A los pocos días empezaron a sobrevolar el territorio algunos aviones de combate, supuestamente solo para patrullar, pero de vez en cuando se escuchaba y se sentía el estruendo de alguna bomba estallar a la lejanía. Los militares, a los pocos días se volvieron más desconfiados de los pobladores de “Dondesea” pensando que quizá estaban con el enemigo y les informaban de sus movimientos.

Don Remigio que era ajeno a todo lo que podía oler a política, decía que ellos solo debían centrarse en hacer lo que siempre habían hecho: trabajar. Manteniendo su espíritu en alto y que de una u otra forma todo debía pasar y ellos sobrevivirían a todo.

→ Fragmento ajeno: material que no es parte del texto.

(* Let $\Omega$ be a metric space, $T_1,\dots,T_\gamma$ commuting homeomorphisms of $\Omega$, $T^n=T_1^{n_1}\cdots T_\gamma^{n_\gamma}$ for $n\in\mathbb{Z}^\gamma$, and $\mu$ a Borel measure on $\Omega$ ergodic for this $\mathbb{Z}^\gamma$-action. Let $f:\Omega\to\mathbb{R}$ be bounded and have an invariant continuity filter at every $\omega\in\Omega$, and define $H_\omega$ on $\ell^2(\mathbb{Z}^\gamma)$ by $(H_\omega u)(n)=\sum_{|m-n|=1}u(m)+f(T^n\omega)u(n)$. If $H_\omega$ has uniformly localized eigenfunctions (ULE) for all $\omega$ in a set of positive $\mu$-measure, then $H_\omega$ has homogeneous ULE in $\operatorname{supp}(\mu)$: there exist $\alpha>0$, $C>0$ independent of $\omega$ such that for every $\omega\in\operatorname{supp}(\mu)$, $H_\omega$ has a complete orthonormal set of eigenfunctions $\{\phi^\omega_n\}$ and points $m^\omega_n\in\mathbb{Z}^\gamma$ with $|\phi^\omega_n(m)|\le Ce^{-\alpha|m-m^\omega_n|}$ for all $n,m$.
   Context: $B(\omega,\delta)$ is the open ball of radius $\delta$ about $\omega$. $f$ has an invariant continuity filter if at every $\omega\in\Omega$ there is a filter $F_\omega$ of subsets of $\Omega$ such that every $A_\omega\in F_\omega$ satisfies: (1) $\mu(A_\omega\cap B(\omega,\delta))>0$ for every $\delta>0$; (2) $f(\omega_k)\to f(\omega)$ for every sequence $\omega_k\in A_\omega$ with $\omega_k\to\omega$; (3) $T^n(A_\omega)\in F_{T^n\omega}$ for every $n\in\mathbb{Z}^\gamma$. A self-adjoint operator $H$ on $\ell^2(\mathbb{Z}^\gamma)$ has ULE if it has a complete orthonormal set of eigenfunctions $\{\phi_n\}$ and there exist $\alpha>0$, $C>0$ and points $m_n\in\mathbb{Z}^\gamma$ with $|\phi_n(m)|\le Ce^{-\alpha|m-m_n|}$ for all $n,m$. *)

theory Defs
  imports "HOL-Analysis.Analysis"
begin

text \<open>The lattice Z^gamma is represented as functions from a finite type 'g into int.\<close>

definition lat_norm :: "('g::finite \<Rightarrow> int) \<Rightarrow> real" where
  "lat_norm n = sqrt (\<Sum>i\<in>UNIV. (real_of_int (n i))^2)"

text \<open>Integer powers of a map (for bijections; negative powers use the inverse).\<close>
definition zpow :: "('a \<Rightarrow> 'a) \<Rightarrow> int \<Rightarrow> 'a \<Rightarrow> 'a" where
  "zpow g k = (if 0 \<le> k then g ^^ nat k else (inv g) ^^ nat (- k))"

text \<open>T^n = T_1^{n_1} ... T_gamma^{n_gamma} (order irrelevant when the T_i commute).\<close>
definition tpow :: "('g::finite \<Rightarrow> 'a \<Rightarrow> 'a) \<Rightarrow> ('g \<Rightarrow> int) \<Rightarrow> 'a \<Rightarrow> 'a" where
  "tpow T n = foldr (\<lambda>i g. zpow (T i) (n i) \<circ> g) (SOME xs. distinct xs \<and> set xs = UNIV) id"

definition is_l2 :: "(('g::finite \<Rightarrow> int) \<Rightarrow> complex) \<Rightarrow> bool" where
  "is_l2 u \<longleftrightarrow> (\<lambda>n. (cmod (u n))^2) summable_on UNIV"

definition l2_inner :: "(('g::finite \<Rightarrow> int) \<Rightarrow> complex) \<Rightarrow> (('g \<Rightarrow> int) \<Rightarrow> complex) \<Rightarrow> complex" where
  "l2_inner u v = infsum (\<lambda>n. cnj (u n) * v n) UNIV"

definition schr_op :: "('g::finite \<Rightarrow> 'a \<Rightarrow> 'a) \<Rightarrow> ('a \<Rightarrow> real) \<Rightarrow> 'a
    \<Rightarrow> (('g \<Rightarrow> int) \<Rightarrow> complex) \<Rightarrow> ('g \<Rightarrow> int) \<Rightarrow> complex" where
  "schr_op T f \<omega> u n = (\<Sum>m\<in>{m. lat_norm (m - n) = 1}. u m) + complex_of_real (f (tpow T n \<omega>)) * u n"

text \<open>ULE with explicit constants alpha, C: a complete orthonormal set of eigenfunctions
  (indexed by nat; l^2(Z^gamma) is separable and infinite-dimensional) with centres c.\<close>
definition ULE_const :: "real \<Rightarrow> real \<Rightarrow> ((('g::finite \<Rightarrow> int) \<Rightarrow> complex) \<Rightarrow> (('g \<Rightarrow> int) \<Rightarrow> complex)) \<Rightarrow> bool" where
  "ULE_const \<alpha> C H \<longleftrightarrow>
    (\<exists>(\<phi>::nat \<Rightarrow> ('g \<Rightarrow> int) \<Rightarrow> complex) (E::nat \<Rightarrow> complex) (c::nat \<Rightarrow> 'g \<Rightarrow> int).
       (\<forall>k. is_l2 (\<phi> k)) \<and>
       (\<forall>k j. l2_inner (\<phi> k) (\<phi> j) = (if k = j then 1 else 0)) \<and>
       (\<forall>u. is_l2 u \<and> (\<forall>k. l2_inner (\<phi> k) u = 0) \<longrightarrow> u = (\<lambda>_. 0)) \<and>
       (\<forall>k. H (\<phi> k) = (\<lambda>n. E k * \<phi> k n)) \<and>
       (\<forall>k m. cmod (\<phi> k m) \<le> C * exp (- \<alpha> * lat_norm (m - c k))))"

definition has_ULE :: "((('g::finite \<Rightarrow> int) \<Rightarrow> complex) \<Rightarrow> (('g \<Rightarrow> int) \<Rightarrow> complex)) \<Rightarrow> bool" where
  "has_ULE H \<longleftrightarrow> (\<exists>\<alpha>>0. \<exists>C>0. ULE_const \<alpha> C H)"

definition ergodic_action :: "'a measure \<Rightarrow> ('g \<Rightarrow> 'a \<Rightarrow> 'a) \<Rightarrow> bool" where
  "ergodic_action \<mu> T \<longleftrightarrow>
     (\<forall>i. T i \<in> measurable \<mu> \<mu> \<and> (\<forall>A\<in>sets \<mu>. emeasure \<mu> (T i -` A \<inter> space \<mu>) = emeasure \<mu> A)) \<and>
     (\<forall>A\<in>sets \<mu>. (\<forall>i. T i -` A \<inter> space \<mu> = A) \<longrightarrow> emeasure \<mu> A = 0 \<or> emeasure \<mu> (space \<mu> - A) = 0)"

definition msupp :: "('a::metric_space) measure \<Rightarrow> 'a set" where
  "msupp \<mu> = {\<omega>. \<forall>\<delta>>0. emeasure \<mu> (ball \<omega> \<delta>) > 0}"

definition inv_cont_filter :: "('a::metric_space) measure \<Rightarrow> ('g::finite \<Rightarrow> 'a \<Rightarrow> 'a) \<Rightarrow> ('a \<Rightarrow> real) \<Rightarrow> bool" where
  "inv_cont_filter \<mu> T f \<longleftrightarrow>
     (\<exists>F :: 'a \<Rightarrow> 'a filter. \<forall>\<omega> A. eventually (\<lambda>x. x \<in> A) (F \<omega>) \<longrightarrow>
        (\<forall>\<delta>>0. outer_measure_of \<mu> (A \<inter> ball \<omega> \<delta>) > 0) \<and>
        (\<forall>s. (\<forall>k. s k \<in> A) \<and> s \<longlonglongrightarrow> \<omega> \<longrightarrow> (\<lambda>k. f (s k)) \<longlonglongrightarrow> f \<omega>) \<and>
        (\<forall>n. eventually (\<lambda>x. x \<in> tpow T n ` A) (F (tpow T n \<omega>))))"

Una madrugada, llegó a tocar la puerta un soldado, vestido de ropas extrañas a la puerta trasera de la panadería, rogando por un poco de pan. Diciendo que no había comido en varios días. Don Remigio sin pensarlo demasiado le dio un trozo de torta de vainilla y una jarra de chocolate caliente para que se reconfortara, se notaba que venía de la montaña porque sus ropas estaban todas húmedas y aun con nieve.

A los pocos minutos irrumpió en la panadería una patrulla de soldados de la nación, rompiendo varias cosas y con lujo de fuerza aprendieron al soldado que estaba ahí comiendo, el capitán a cargo de la patrulla volteo a ver a don Remigio, dándole un culatazo tremendo con su rifle y haciéndolo apresar junto con el enemigo, diciendo que estaba cometiendo traición al darle alimento a ese truhan.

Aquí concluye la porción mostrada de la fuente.